A beat of silence.
"Mommy never sees me. I don't think she likes me much."
That breaks my damn heart. No kid should feel like that. Ever. Something twists deep in my chest, and I have to swallow hard before I speak.
"I'm sorry, Wyatt," I tell him.
I truly don't know what else to say. There are no right words for a six-year-old boy who thinks his mother doesn't love him. "Adults are strange sometimes, buddy. They do things no one understands. But it looks like you have a lot of people who really love you here. Hey?"
He nods, placing the present down, and this time he really looks at me. Wide eyes. Curious. Like he's deciding whether ornot I'm safe. "My daddy is the best. Like. The best. He even got me a pet goat, and he hates it."
I can't help but laugh. "Is the goat naughty?" I ask.
"Yep. Not with me, but to my dad. Headbutts him and everything," he tells me with a proud grin.
Ah. Now the goat birthday cake I saw being carried in makes sense. "What's his name?"
"Gary," he says with a big grin.
My heart melts. "Cool name. Gary the goat. Very good choice."
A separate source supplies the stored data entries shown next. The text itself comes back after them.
lemma Qinf_nearest_le:
  assumes n: "2 \<le> n" and D: "openin (topn n) D" and z: "z \<in> D" and p: "p \<in> Rn n - D"
  shows "Qinf n z {a \<in> bdry n D. distn n z a = dbd n D z} (bdry n D)
           \<le> ereal 3 * Qinf n z (Rn n - D) (Rn n - D)"
proof (rule Qinf_le_cmult_Qinf)
  obtain a0 where a0: "a0 \<in> bdry n D" "distn n z a0 = dbd n D z"
    using dbd_attained[OF D z p] by blast
  fix a b assume "a \<in> Rn n - D" "b \<in> Rn n - D"
  then obtain b' where "b' \<in> bdry n D" "Qn n z a0 b' \<le> 3 * Qn n z a b"
    using Qn_nearest_bdry_le[OF n D z a0] by blast
  then show "\<exists>a'\<in>{a \<in> bdry n D. distn n z a = dbd n D z}. \<exists>b'\<in>bdry n D.
      Qn n z a' b' \<le> ereal 3 * Qn n z a b"
    using a0 by auto
qed simp

theorem lemma2:
  "\<exists>C0 :: real. C0 > 0 \<and>
     (\<forall>n D z. n \<ge> 2 \<longrightarrow> domain_n n D \<longrightarrow> D \<subseteq> Rn n \<longrightarrow>
        (\<exists>p q. p \<in> Rn n - D \<and> q \<in> Rn n - D \<and> p \<noteq> q) \<longrightarrow> z \<in> D \<longrightarrow>
        lam'' n D z \<le> lam' n D z \<and> lam' n D z \<le> lam n D z \<and>
        lam n D z \<le> ereal C0 * lam'' n D z \<and>
        lam n D z \<le> ereal (1 / dbd n D z))"
proof (intro exI[of _ 3] conjI allI impI)
  fix n D z
  assume n: "2 \<le> n" and dom: "domain_n n D" and "D \<subseteq> Rn n"
    and "\<exists>p q. p \<in> Rn n - D \<and> q \<in> Rn n - D \<and> p \<noteq> q" and z: "z \<in> D"
  (* One exterior point suffices: if it is the only one, all three infima are \<infinity>. *)
  then obtain p where p: "p \<in> Rn n - D" by blast
  have D: "openin (topn n) D" using dom by (simp add: domain_n_def)
  let ?E = "Rn n - D" and ?B = "bdry n D" and ?N = "{a \<in> bdry n D. distn n z a = dbd n D z}"
  have mono: "Qinf n z ?E ?E \<le> Qinf n z ?B ?B" "Qinf n z ?B ?B \<le> Qinf n z ?N ?B"
    using bdry_subset_compl[OF D] by (auto intro!: Qinf_antimono)
  have d_pos: "0 < dbd n D z" using dbd_pos[OF D z p] .
  then have "0 < ereal (dbd n D z)" by simp
  then have pos: "0 < Qinf n z ?E ?E" using dbd_le_Qinf[OF D z] by (rule less_le_trans)
  show "lam'' n D z \<le> lam' n D z" "lam' n D z \<le> lam n D z"
    unfolding lam_eq_inverse_Qinf using pos mono
    by (auto intro!: ereal_inverse_antimono intro: order_trans[OF less_imp_le])
  show "lam n D z \<le> ereal 3 * lam'' n D z"
    unfolding lam_eq_inverse_Qinf
    using _ less_le_trans[OF pos order_trans[OF mono]] Qinf_nearest_le[OF n D z p]
    by (rule ereal_inverse_le_cmult_inverse) simp
  have "inverse (Qinf n z ?E ?E) \<le> inverse (ereal (dbd n D z))"
    using d_pos dbd_le_Qinf[OF D z] by (intro ereal_inverse_antimono) auto
  then show "lam n D z \<le> ereal (1 / dbd n D z)"
    unfolding lam_eq_inverse_Qinf using d_pos by (simp add: inverse_eq_divide)
qed simp

end
(* Let $\widehat{G}$ be a subgroup of $\widehat{\operatorname{PC}^{\bowtie}}$ containing ${\mathfrak S}_{\mathrm{fin}}$ and let $G$ be its image in $\operatorname{PC}^{\bowtie}=\widehat{\operatorname{PC}^{\bowtie}}/{\mathfrak S}_{\mathrm{fin}}$. Then the map $\widehat{G}_{\mathrm{ab}}\to G_{\mathrm{ab}}$ induced by the projection extends to an isomorphism $\widehat{G}_{\mathrm{ab}}\cong G_{\mathrm{ab}}\times\mathbb{Z}/2\mathbb{Z}$. Moreover $D(\widehat{G})=\operatorname{Ker}(\varepsilon)\cap\widehat{D(G)}$, and this is a subgroup of index $2$ in $\widehat{D(G)}$. In particular, if $G$ is perfect then $\widehat{G}_{\mathrm{ab}}\cong\mathbb{Z}/2\mathbb{Z}$.
   Context: $X=[0,1[$. $\widehat{\operatorname{PC}^{\bowtie}}$ is the group of bijections $X\to X$ continuous outside a finite subset; ${\mathfrak S}_{\mathrm{fin}}$ is its normal subgroup of finitely supported permutations, with classical signature $\operatorname{sgn}:{\mathfrak S}_{\mathrm{fin}}\to\mathbb{Z}/2\mathbb{Z}$. For a group $H$, $D(H)$ is its derived subgroup and $H_{\mathrm{ab}}=H/D(H)$. $\widehat{D(G)}$ denotes the inverse image of $D(G)$ in $\widehat{\operatorname{PC}^{\bowtie}}$. The homomorphism $\varepsilon:\widehat{\operatorname{PC}^{\bowtie}}\to\mathbb{Z}/2\mathbb{Z}$ is defined as follows. For $h\in\widehat{\operatorname{PC}^{\bowtie}}$, a partition associated with $h$ is a finite partition $\mathcal P=\{I_1,\dots,I_n\}$ of $X$ into intervals $I_j=[\alpha_j,b_j[$ such that $h$ is continuous on $I_j^\circ=]\alpha_j,b_j[$ for each $j$ (so $h$ is strictly monotone there and $h(I_j^\circ)$ is an open interval). Let $\beta_j$ be the left endpoint of $h(I_j^\circ)$; $\{h(\alpha_j)\}=\{\beta_j\}$, and $\sigma_{(h,\mathcal P)}\in{\mathfrak S}_{\mathrm{fin}}$ sends $h(\alpha_j)$ to $\beta_j$ for each $j$ and fixes all other points. $R(h,\mathcal P)$ is the number of $j$ with $h$ decreasing on $I_j^\circ$, and $\varepsilon(h,\mathcal P)=R(h,\mathcal P)+\operatorname{sgn}(\sigma_{(h,\mathcal P)})\bmod 2$. There is a unique associated partition $\mathcal P^{\min}_h$ with the fewest intervals, and $\varepsilon(h):=\varepsilon(h,\mathcal P^{\min}_h)$; it is a group homomorphism extending $\operatorname{sgn}$. *)

theory Defs
  imports "HOL-Analysis.Analysis" "HOL-Algebra.Algebra" "HOL-Combinatorics.Permutations"
begin
lemma upper_tail_le_imp_stop_loss_le_on_tail:
  fixes q r :: "real \<Rightarrow> real"
  assumes q: "q \<in> borel_measurable borel" "mono_on {0<..<1} q"
    and r: "r \<in> borel_measurable borel" "mono_on {0<..<1} r"
    and p: "0 < p" "p < 1"
    and tail: "ext_set_integral {p<..<1} q \<le> ext_set_integral {p<..<1} r"
    and above: "\<And>t. t \<in> {p<..<1} \<Longrightarrow> w \<le> q t"
  shows "(\<integral>\<^sup>+t\<in>{p<..<1}. ennreal (pos_part (q t - w)) \<partial>lborel)
       \<le> (\<integral>\<^sup>+t\<in>{0<..<1}. ennreal (pos_part (r t - w)) \<partial>lborel)"
proof -
  let ?c = "ereal (w * (1 - p))"
  have "enn2ereal (\<integral>\<^sup>+t\<in>{p<..<1}. ennreal (pos_part (q t - w)) \<partial>lborel) + ?c
      = ext_set_integral {p<..<1} (\<lambda>t. q t - w) + ?c"
    using above by (subst ext_set_integral_nonneg) auto
  also have "\<dots> = ext_set_integral {p<..<1} q"
    by (rule ext_set_integral_tail_shift[OF q p, symmetric])
  also have "\<dots> \<le> ext_set_integral {p<..<1} r"
    by (rule tail)
  also have "\<dots> = ext_set_integral {p<..<1} (\<lambda>t. r t - w) + ?c"
    by (rule ext_set_integral_tail_shift[OF r p])
  also have "\<dots> \<le> enn2ereal (\<integral>\<^sup>+t\<in>{p<..<1}. ennreal (pos_part (r t - w)) \<partial>lborel) + ?c"
    by (intro add_right_mono ext_set_integral_le_pos_part)
  also have "\<dots> \<le> enn2ereal (\<integral>\<^sup>+t\<in>{0<..<1}. ennreal (pos_part (r t - w)) \<partial>lborel) + ?c"
    using set_nn_integral_mono_set[of "{p<..<1}" "{0<..<1}"] p
    by (intro add_right_mono) (simp add: less_eq_ennreal.rep_eq[symmetric] subset_eq)
  finally show ?thesis
    by (simp add: ereal_add_le_add_iff2 less_eq_ennreal.rep_eq)
qed
lemma theta_eq_const_mult_triple_prod:
  fixes Q :: complex
  assumes Q: "norm Q < 1" "Q \<noteq> 0"
  obtains c where
    "\<And>z. norm Q ^ 2 < norm z \<Longrightarrow> norm z < 1 / norm Q \<Longrightarrow> theta z Q = c * triple_prod z Q"
proof -
  define U where "U = {z::complex. norm Q ^ 2 < norm z \<and> norm z < 1 / norm Q}"
  obtain h where h: "h holomorphic_on U" "\<And>z. z \<in> U \<Longrightarrow> theta z Q = h z * triple_prod z Q"
    and nonzero: "\<And>z. z \<in> U \<Longrightarrow> z \<noteq> -1 \<Longrightarrow> z \<noteq> -Q \<Longrightarrow> triple_prod z Q \<noteq> 0"
    using theta_eq_holomorphic_mult_triple_prod[OF Q] unfolding U_def by blast
  have "h constant_on U"
    unfolding U_def
  proof (rule constant_on_annulus_if_periodic)
    show Q': "0 < norm Q" "norm Q < 1"
      using Q by auto
    show "h holomorphic_on {z. norm Q ^ 2 < norm z \<and> norm z < 1 / norm Q}"
      using h(1) unfolding U_def .
    fix z :: complex
    assume z: "norm Q < norm z" "norm z < 1 / norm Q" "norm z \<noteq> 1"
    have zU: "z \<in> U" and QzU: "Q * z \<in> U" and Qz: "norm (Q * z) < 1"
      using annulus_shift[OF Q' z(1,2)] z(2) unfolding U_def by auto
    have "z \<noteq> -1" "z \<noteq> -Q" "Q * z \<noteq> -1" "Q * z \<noteq> -Q"
      using annulus_shift_avoids_zeros[OF Q(2) z(1) Qz z(3)] .
    then have "triple_prod z Q \<noteq> 0" and "triple_prod (Q * z) Q \<noteq> 0"
      using zU QzU by (simp_all add: nonzero)
    moreover have z0: "z \<noteq> 0"
      using zU unfolding U_def by auto
    ultimately show "h (Q * z) = h z"
      using h(2)[OF zU] h(2)[OF QzU] theta_shift[OF Q(2) z0] triple_prod_shift[OF Q z0] by simp
  qed
  then obtain c where "\<And>z. z \<in> U \<Longrightarrow> h z = c"
    unfolding constant_on_def by blast
  with h(2) show ?thesis
    using that unfolding U_def by auto
qed

definition theta3 :: "complex \<Rightarrow> complex" where
  "theta3 q = (\<Sum>\<^sub>\<infinity>n::int. q powi (n * n))"

text \<open>The classical theta2 without its factor q^(1/4).\<close>
definition theta2 :: "complex \<Rightarrow> complex" where
  "theta2 q = (\<Sum>\<^sub>\<infinity>n::int. q powi (n * n + n))"

lemma has_sum_theta3:
  assumes "norm q < 1" and "q \<noteq> 0"
  shows "((\<lambda>n. q powi (n * n)) has_sum theta3 q) UNIV" and "theta3 q = theta q (q^2)"
proof -
  have "norm (q^2) < 1"
    using assms by (simp add: norm_power power_less_one_iff)
  moreover have "q powi n * (q^2) ^ choose2 n = q powi (n * n)" for n
    using assms(2) by (simp add: power2_power_choose2 power_int_add[symmetric] algebra_simps)
  ultimately have "((\<lambda>n. q powi (n * n)) has_sum theta q (q^2)) UNIV"
    using has_sum_theta[of "q^2" q] assms(2) by simp
  then show "theta3 q = theta q (q^2)"
    unfolding theta3_def by (rule infsumI)
  with \<open>((\<lambda>n. q powi (n * n)) has_sum theta q (q^2)) UNIV\<close>
  show "((\<lambda>n. q powi (n * n)) has_sum theta3 q) UNIV" by simp
qed

lemma has_sum_theta2:
  assumes "norm q < 1" and "q \<noteq> 0"
  shows "((\<lambda>n. q powi (n * n + n)) has_sum theta2 q) UNIV" and "theta2 q = theta (q^2) (q^2)"
proof -
  have "norm (q^2) < 1"
    using assms by (simp add: norm_power power_less_one_iff)
  moreover have "(q^2) powi n * (q^2) ^ choose2 n = q powi (n * n + n)" for n
    using assms(2) by (simp add: power2_power_choose2 power_int_power power_int_add[symmetric] algebra_simps)
  ultimately have "((\<lambda>n. q powi (n * n + n)) has_sum theta (q^2) (q^2)) UNIV"
    using has_sum_theta[of "q^2" "q^2"] assms(2) by simp
  then show "theta2 q = theta (q^2) (q^2)"
    unfolding theta2_def by (rule infsumI)
  with \<open>((\<lambda>n. q powi (n * n + n)) has_sum theta (q^2) (q^2)) UNIV\<close>
  show "((\<lambda>n. q powi (n * n + n)) has_sum theta2 q) UNIV" by simp
qed

lemma bij_betw_sum_diff_even:
  "bij_betw (\<lambda>(i::int, j::int). (i + j, i - j)) UNIV {(m, n). even (m + n)}"
  by (rule bij_betwI[where g = "\<lambda>(m, n). ((m + n) div 2, (m - n) div 2)"]) (auto, presburger+)

lemma bij_betw_sum_diff_odd:
  "bij_betw (\<lambda>(i::int, j::int). (i + j + 1, i - j)) UNIV {(m, n). odd (m + n)}"
  by (rule bij_betwI[where g = "\<lambda>(m, n). ((m + n - 1) div 2, (m - n) div 2)"]) (auto, presburger+)

lemma bij_betw_sum_diff_odd':
  "bij_betw (\<lambda>(i::int, j::int). (i + j, i - j - 1)) UNIV {(m, n). odd (m + n)}"
  by (rule bij_betwI[where g = "\<lambda>(m, n). ((m + n + 1) div 2, (m - n - 1) div 2)"]) (auto, presburger+)

lemma parity_partition:
  "{(m::int, n::int). even (m + n)} \<inter> {(m, n). odd (m + n)} = {}"
  "{(m::int, n::int). even (m + n)} \<union> {(m, n). odd (m + n)} = UNIV"
  by auto

lemma theta3_duplication:
  fixes q :: complex
  assumes q: "norm q < 1" "q \<noteq> 0"
  shows "theta3 q ^ 2 = theta3 (q^2) ^ 2 + q * theta2 (q^2) ^ 2"
proof -
  have q2: "norm (q^2) < 1" "q^2 \<noteq> 0"
    using q by (auto simp: norm_power power_less_one_iff)
  define F where "F = (\<lambda>(m::int, n::int). q powi (m * m) * q powi (n * n))"
  have "(F has_sum (theta3 q * theta3 q)) UNIV"
    using has_sum_mult_complex[OF has_sum_theta3(1)[OF q] has_sum_theta3(1)[OF q]]
    by (simp add: F_def)
  moreover have "(F has_sum (theta3 (q^2) * theta3 (q^2) + q * (theta2 (q^2) * theta2 (q^2)))) UNIV"
  proof (rule has_sum_UNIV_split[OF _ _ parity_partition])
    have "(q^2) powi (i * i) * (q^2) powi (j * j) = F (i + j, i - j)" for i j
      using q(2) by (simp add: F_def power_int_power power_int_add[symmetric] algebra_simps)
    then show "(F has_sum (theta3 (q^2) * theta3 (q^2))) {(m, n). even (m + n)}"
      using has_sum_mult_complex[OF has_sum_theta3(1)[OF q2] has_sum_theta3(1)[OF q2]]
            has_sum_reindex_bij_betw[OF bij_betw_sum_diff_even, of F]
      by (simp add: case_prod_unfold)
    have "q * ((q^2) powi (i * i + i) * (q^2) powi (j * j + j)) = F (i + j + 1, i - j)" for i j
    proof -
      have "q * ((q^2) powi (i * i + i) * (q^2) powi (j * j + j))
            = q powi (1 + (2 * (i * i + i) + 2 * (j * j + j)))"
        using q(2) by (simp add: power_int_power power_int_add)
      also have "\<dots> = F (i + j + 1, i - j)"
        using q(2) by (simp add: F_def power_int_add[symmetric] algebra_simps)
      finally show ?thesis .
    qed
    then show "(F has_sum (q * (theta2 (q^2) * theta2 (q^2)))) {(m, n). odd (m + n)}"
      using has_sum_cmult_right[OF has_sum_mult_complex[OF has_sum_theta2(1)[OF q2]
              has_sum_theta2(1)[OF q2]], of q]
            has_sum_reindex_bij_betw[OF bij_betw_sum_diff_odd, of F]
      by (simp add: case_prod_unfold)
  qed
  ultimately show ?thesis
    using has_sum_unique by (fastforce simp: power2_eq_square)
qed

lemma theta2_duplication:
  fixes q :: complex
  assumes q: "norm q < 1" "q \<noteq> 0"
  shows "theta2 q ^ 2 = 2 * theta2 (q^2) * theta3 (q^2)"
proof -
  have q2: "norm (q^2) < 1" "q^2 \<noteq> 0"
    using q by (auto simp: norm_power power_less_one_iff)
  define F where "F = (\<lambda>(m::int, n::int). q powi (m * m + m) * q powi (n * n + n))"
  have "(F has_sum (theta2 q * theta2 q)) UNIV"
    using has_sum_mult_complex[OF has_sum_theta2(1)[OF q] has_sum_theta2(1)[OF q]]
    by (simp add: F_def)
  moreover have "(F has_sum (theta2 (q^2) * theta3 (q^2) + theta3 (q^2) * theta2 (q^2))) UNIV"
  proof (rule has_sum_UNIV_split[OF _ _ parity_partition])
    have "(q^2) powi (i * i + i) * (q^2) powi (j * j) = F (i + j, i - j)" for i j
      using q(2) by (simp add: F_def power_int_power power_int_add[symmetric] algebra_simps)
    then show "(F has_sum (theta2 (q^2) * theta3 (q^2))) {(m, n). even (m + n)}"
      using has_sum_mult_complex[OF has_sum_theta2(1)[OF q2] has_sum_theta3(1)[OF q2]]
            has_sum_reindex_bij_betw[OF bij_betw_sum_diff_even, of F]
      by (simp add: case_prod_unfold)
    have "(q^2) powi (i * i) * (q^2) powi (j * j + j) = F (i + j, i - j - 1)" for i j
      using q(2) by (simp add: F_def power_int_power power_int_add[symmetric] algebra_simps)
    then show "(F has_sum (theta3 (q^2) * theta2 (q^2))) {(m, n). odd (m + n)}"
      using has_sum_mult_complex[OF has_sum_theta3(1)[OF q2] has_sum_theta2(1)[OF q2]]
            has_sum_reindex_bij_betw[OF bij_betw_sum_diff_odd', of F]
      by (simp add: case_prod_unfold)
  qed
  ultimately show ?thesis
    using has_sum_unique by (fastforce simp: power2_eq_square)
qed

lemma half_theta_approx:
  fixes Q w :: complex
  assumes Q: "norm Q < 1" and w: "norm w < 1"
  shows "norm (half_theta Q w - 1) \<le> norm w / (1 - norm w)"
proof -
  define f where "f = (\<lambda>k. Q ^ (k choose 2) * w ^ k)"
  have sfn: "summable (\<lambda>k. norm (f k))"
    unfolding f_def by (rule summable_half_theta[OF Q])
  then have sf: "summable f"
    by (rule summable_norm_cancel)
  have sfS: "summable (\<lambda>k. norm (f (Suc k)))"
    using summable_Suc_iff[of "\<lambda>k. norm (f k)"] sfn by simp
  have "norm (half_theta Q w - 1) = norm (\<Sum>k. f (Suc k))"
    using suminf_split_head[OF sf] unfolding half_theta_def f_def by (simp add: binomial_eq_0)
  also have "\<dots> \<le> (\<Sum>k. norm (f (Suc k)))"
    by (rule summable_norm[OF sfS])
  also have "\<dots> \<le> (\<Sum>k. norm w ^ Suc k)"
  proof (rule suminf_le)
    show "norm (f (Suc k)) \<le> norm w ^ Suc k" for k
      unfolding f_def using Q
      by (simp add: norm_mult norm_power mult_left_le_one_le power_le_one del: power_Suc)
    show "summable (\<lambda>k. norm w ^ Suc k)"
      using w by (simp add: summable_Suc_iff)
  qed (rule sfS)
  also have "\<dots> = norm w * (\<Sum>k. norm w ^ k)"
    by (subst suminf_mult[symmetric]) (use w in auto)
  also have "\<dots> = norm w / (1 - norm w)"
    using w by (simp add: suminf_geometric)
  finally show ?thesis .
qed

lemma theta3_nonzero_if_small:
  fixes q :: complex
  assumes q: "norm q \<le> 1/4" "q \<noteq> 0"
  shows "theta3 q \<noteq> 0"
proof
  assume zero: "theta3 q = 0"
  have nq: "norm q < 1"
    using q by simp
  have Q: "norm (q^2) < 1"
    using nq by (simp add: norm_power power_less_one_iff)
  have "q^2 / q = q" and "(q^2)^2 / q = q^3"
    using q(2) by (simp_all add: power2_eq_square power3_eq_cube)
  then have "theta3 q = half_theta (q^2) q + q * half_theta (q^2) (q^3)"
    using theta_eq_half_theta[OF Q q(2)] has_sum_theta3(2)[OF nq q(2)] by simp
  with zero have one: "(1 - half_theta (q^2) q) - q * half_theta (q^2) (q^3) = 1"
    by (simp add: diff_diff_eq)
  from norm_triangle_ineq4[of "1 - half_theta (q^2) q" "q * half_theta (q^2) (q^3)"]
  have sum_ge: "1 \<le> norm (1 - half_theta (q^2) q) + norm (q * half_theta (q^2) (q^3))"
    unfolding one norm_one .
  have small: "norm (half_theta (q^2) w - 1) \<le> 1/3" if "norm w \<le> 1/4" for w
  proof -
    have "norm (half_theta (q^2) w - 1) \<le> norm w / (1 - norm w)"
      by (rule half_theta_approx[OF Q]) (use that in simp)
    also have "\<dots> \<le> 1/3"
      using that by (simp add: field_simps)
    finally show ?thesis .
  qed
  then have "norm (1 - half_theta (q^2) q) \<le> 1/3"
    using q(1) by (simp add: norm_minus_commute)
  moreover have "norm (q * half_theta (q^2) (q^3)) \<le> 1/3"
  proof -
    have "norm (q^3) \<le> norm q"
      using power_decreasing[of 1 3 "norm q"] nq by (simp add: norm_power)
    then have "norm (half_theta (q^2) (q^3)) \<le> 4/3"
      using small[of "q^3"] q(1) norm_triangle_ineq2[of "half_theta (q^2) (q^3)" 1] by simp
    then have "norm q * norm (half_theta (q^2) (q^3)) \<le> 1/4 * (4/3)"
      using q(1) by (intro mult_mono) auto
    then show ?thesis
      by (simp add: norm_mult)
  qed
  ultimately show False
    using sum_ge by simp
qed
"Would you like to come and meet him?" he asks, jumping to his feet.
I open my mouth. Shit. Violet needs the mop.
"I'd love to. But can you first show me where I can find a mop? I'm helping my friend with the food for your party, and there's been a spillage."
He giggles. "Oh no. Did you do it?"
"Not me. I'm just cleaning up the mess," I joke, standing back up.
"It's okay. Dad won't shout at you."
That makes me pause. Something cold prickles at the back of my neck. A thought I should have had the second I walked through the front door of this house.
"What is your daddy's name?" I ask him.
And the blood drains from my body when a man clears his throat behind me at the door.
I freeze.
It's him. I know it's him. Because my body is on fire before I even turn around. The same way it was at the bar. The same way it was in that truck. The same way it's been every single night since, when I'm lying in the dark and can still feel his hands on me.
My stomach is fluttering. My heart is racing. Every nerve ending I have is screaming his name.
"Hey! You get to meet my dad and Gary now," Wyatt tells me excitedly.
I know exactly who Wyatt’s daddy is. He’s the same man I’ve been daydreaming about all week. Wyatt’s daddy is the cowboy that called me a good girl and I never recovered from that.
CHAPTER TWENTY
HUNTER
Song- God Needs The Devil,Jonah Kagen
My son doesn't open up to strangers. In fact, most adults outside of my family struggle to get a single word out of him. Yet here is my red-haired firefly, in my house, sitting cross-legged on the playroom floor, helping my little boy get through his feelings like she was put on this earth to do it.
I lean against the doorframe, and I listen.